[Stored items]
lemma isotropic_codiagonalizable:
  fixes h :: "mat3 \<Rightarrow> mat3"
  assumes iso: "\<And>R C. rotation R \<Longrightarrow> spd C \<Longrightarrow> transpose R ** h C ** R = h (transpose R ** C ** R)"
    and "spd B"
  obtains Q :: mat3 and b m where "orthogonal_matrix Q" "\<And>i. b i > 0"
    "B = Q ** diag b ** transpose Q" "h B = Q ** diag m ** transpose Q"
proof -
  obtain Q b where Q: "rotation Q" and B: "B = Q ** diag b ** transpose Q"
    using symmetric_matrix_rotation_diagonalizable \<open>spd B\<close> by (auto simp: spd_def)
  have oQ: "orthogonal_matrix Q"
    using Q by (rule rotation_orthogonal)
  have "\<And>i. b i > 0"
    using \<open>spd B\<close> by (simp add: B spd_orthogonal_conj_diag_iff[OF oQ])
  obtain m where "h B = Q ** diag m ** transpose Q"
    using isotropic_orthogonal_conj_diag[OF iso Q] \<open>spd B\<close> B by blast
  with oQ \<open>\<And>i. b i > 0\<close> B show ?thesis
    by (rule that)
qed

lemma comp_mexp_has_derivative:
  fixes \<alpha> :: "mat3 \<Rightarrow> real" and h :: "mat3 \<Rightarrow> mat3"
  assumes grad: "\<And>C. spd C \<Longrightarrow> (\<alpha> has_derivative (\<lambda>dC. trace (h C ** dC))) (at C within Sym)"
    and "sym_mat X"
  shows "((\<alpha> \<circ> mexp) has_derivative (\<lambda>\<delta>. trace (h (mexp X) ** dmexp X \<delta>))) (at X within Sym)"
proof -
  have "mexp ` Sym \<subseteq> Sym"
    using spd_mexp by (auto simp: Sym_def spd_def)
  with grad[OF spd_mexp[OF \<open>sym_mat X\<close>]]
  have "(\<alpha> has_derivative (\<lambda>dC. trace (h (mexp X) ** dC))) (at (mexp X) within mexp ` Sym)"
    by (rule has_derivative_subset)
  from diff_chain_within[OF has_derivative_at_withinI[OF mexp_has_derivative] this]
  show ?thesis
    by (simp add: o_def)
qed

theorem theorem2:
  fixes \<alpha> :: "mat3 \<Rightarrow> real" and h :: "mat3 \<Rightarrow> mat3"
  assumes h_sym: "\<And>C. spd C \<Longrightarrow> sym_mat (h C)"
    and grad: "\<And>C. spd C \<Longrightarrow>
       (\<alpha> has_derivative (\<lambda>dC. trace (h C ** dC))) (at C within Sym)"
    and iso: "\<And>R C. rotation R \<Longrightarrow> spd C \<Longrightarrow>
       transpose R ** h C ** R = h (transpose R ** C ** R)"
  shows "(\<forall>X. sym_mat X \<longrightarrow> (\<alpha> \<circ> mexp) differentiable (at X within Sym))
    \<and> (\<forall>B. spd B \<longrightarrow>
        ((\<alpha> \<circ> mexp) has_derivative
           (\<lambda>\<delta>. trace ((msqrt B ** h B ** msqrt B) ** \<delta>))) (at (mln B) within Sym))"
proof (intro conjI allI impI)
  fix X assume "sym_mat X"
  with grad show "(\<alpha> \<circ> mexp) differentiable (at X within Sym)"
    by (rule differentiableI[OF comp_mexp_has_derivative])
next
  fix B assume "spd B"
  obtain Q :: mat3 and b m where Q: "orthogonal_matrix Q" and pos: "\<And>i. b i > 0"
    and B: "B = Q ** diag b ** transpose Q" and H: "h B = Q ** diag m ** transpose Q"
    using isotropic_codiagonalizable[OF iso \<open>spd B\<close>] by metis
  define L where "L = Q ** diag (\<lambda>i. ln (b i)) ** transpose Q"
  have "mexp L = B" "mln B = L"
    using pos by (simp_all add: L_def B mexp_orthogonal_conj_diag[OF Q] mln_orthogonal_conj_diag[OF Q])
  have "msqrt B = Q ** diag (\<lambda>i. sqrt (b i)) ** transpose Q"
    unfolding B by (rule msqrt_orthogonal_conj_diag[OF Q pos])
  then have "msqrt B ** h B ** msqrt B = Q ** diag (\<lambda>i. sqrt (b i) * m i * sqrt (b i)) ** transpose Q"
    by (simp add: H orthogonal_conj_diag_mult[OF Q])
  also have "(\<lambda>i. sqrt (b i) * m i * sqrt (b i)) = (\<lambda>i. m i * b i)"
    using pos by (simp add: fun_eq_iff less_imp_le mult.commute mult.left_commute flip: mult.assoc)
  also have "Q ** diag (\<lambda>i. m i * b i) ** transpose Q = h B ** mexp L"
    unfolding \<open>mexp L = B\<close> H by (simp add: B orthogonal_conj_diag_mult[OF Q])
  finally have "trace ((msqrt B ** h B ** msqrt B) ** \<delta>) = trace (h B ** dmexp L \<delta>)" for \<delta>
    using trace_mult_dmexp[of "h B" L] orthogonal_conj_diag_commute[OF Q] by (simp add: H L_def)
  then show "((\<alpha> \<circ> mexp) has_derivative (\<lambda>\<delta>. trace ((msqrt B ** h B ** msqrt B) ** \<delta>))) (at (mln B) within Sym)"
    using comp_mexp_has_derivative[OF grad sym_mat_orthogonal_conj_diag, of Q "\<lambda>i. ln (b i)"]
    by (simp add: \<open>mln B = L\<close> \<open>mexp L = B\<close> flip: L_def)
qed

- _Work item_
With the line holding "from diff_chain_within[OF has_derivative_at_withinI[OF" as the first and the line holding "(\<lambda>i. sqrt (b i))" as the last, set down that range of the entries above exactly, and nothing else.

- _Answer_
  from diff_chain_within[OF has_derivative_at_withinI[OF mexp_has_derivative] this]
  show ?thesis
    by (simp add: o_def)
qed

theorem theorem2:
  fixes \<alpha> :: "mat3 \<Rightarrow> real" and h :: "mat3 \<Rightarrow> mat3"
  assumes h_sym: "\<And>C. spd C \<Longrightarrow> sym_mat (h C)"
    and grad: "\<And>C. spd C \<Longrightarrow>
       (\<alpha> has_derivative (\<lambda>dC. trace (h C ** dC))) (at C within Sym)"
    and iso: "\<And>R C. rotation R \<Longrightarrow> spd C \<Longrightarrow>
       transpose R ** h C ** R = h (transpose R ** C ** R)"
  shows "(\<forall>X. sym_mat X \<longrightarrow> (\<alpha> \<circ> mexp) differentiable (at X within Sym))
    \<and> (\<forall>B. spd B \<longrightarrow>
        ((\<alpha> \<circ> mexp) has_derivative
           (\<lambda>\<delta>. trace ((msqrt B ** h B ** msqrt B) ** \<delta>))) (at (mln B) within Sym))"
proof (intro conjI allI impI)
  fix X assume "sym_mat X"
  with grad show "(\<alpha> \<circ> mexp) differentiable (at X within Sym)"
    by (rule differentiableI[OF comp_mexp_has_derivative])
next
  fix B assume "spd B"
  obtain Q :: mat3 and b m where Q: "orthogonal_matrix Q" and pos: "\<And>i. b i > 0"
    and B: "B = Q ** diag b ** transpose Q" and H: "h B = Q ** diag m ** transpose Q"
    using isotropic_codiagonalizable[OF iso \<open>spd B\<close>] by metis
  define L where "L = Q ** diag (\<lambda>i. ln (b i)) ** transpose Q"
  have "mexp L = B" "mln B = L"
    using pos by (simp_all add: L_def B mexp_orthogonal_conj_diag[OF Q] mln_orthogonal_conj_diag[OF Q])
  have "msqrt B = Q ** diag (\<lambda>i. sqrt (b i)) ** transpose Q"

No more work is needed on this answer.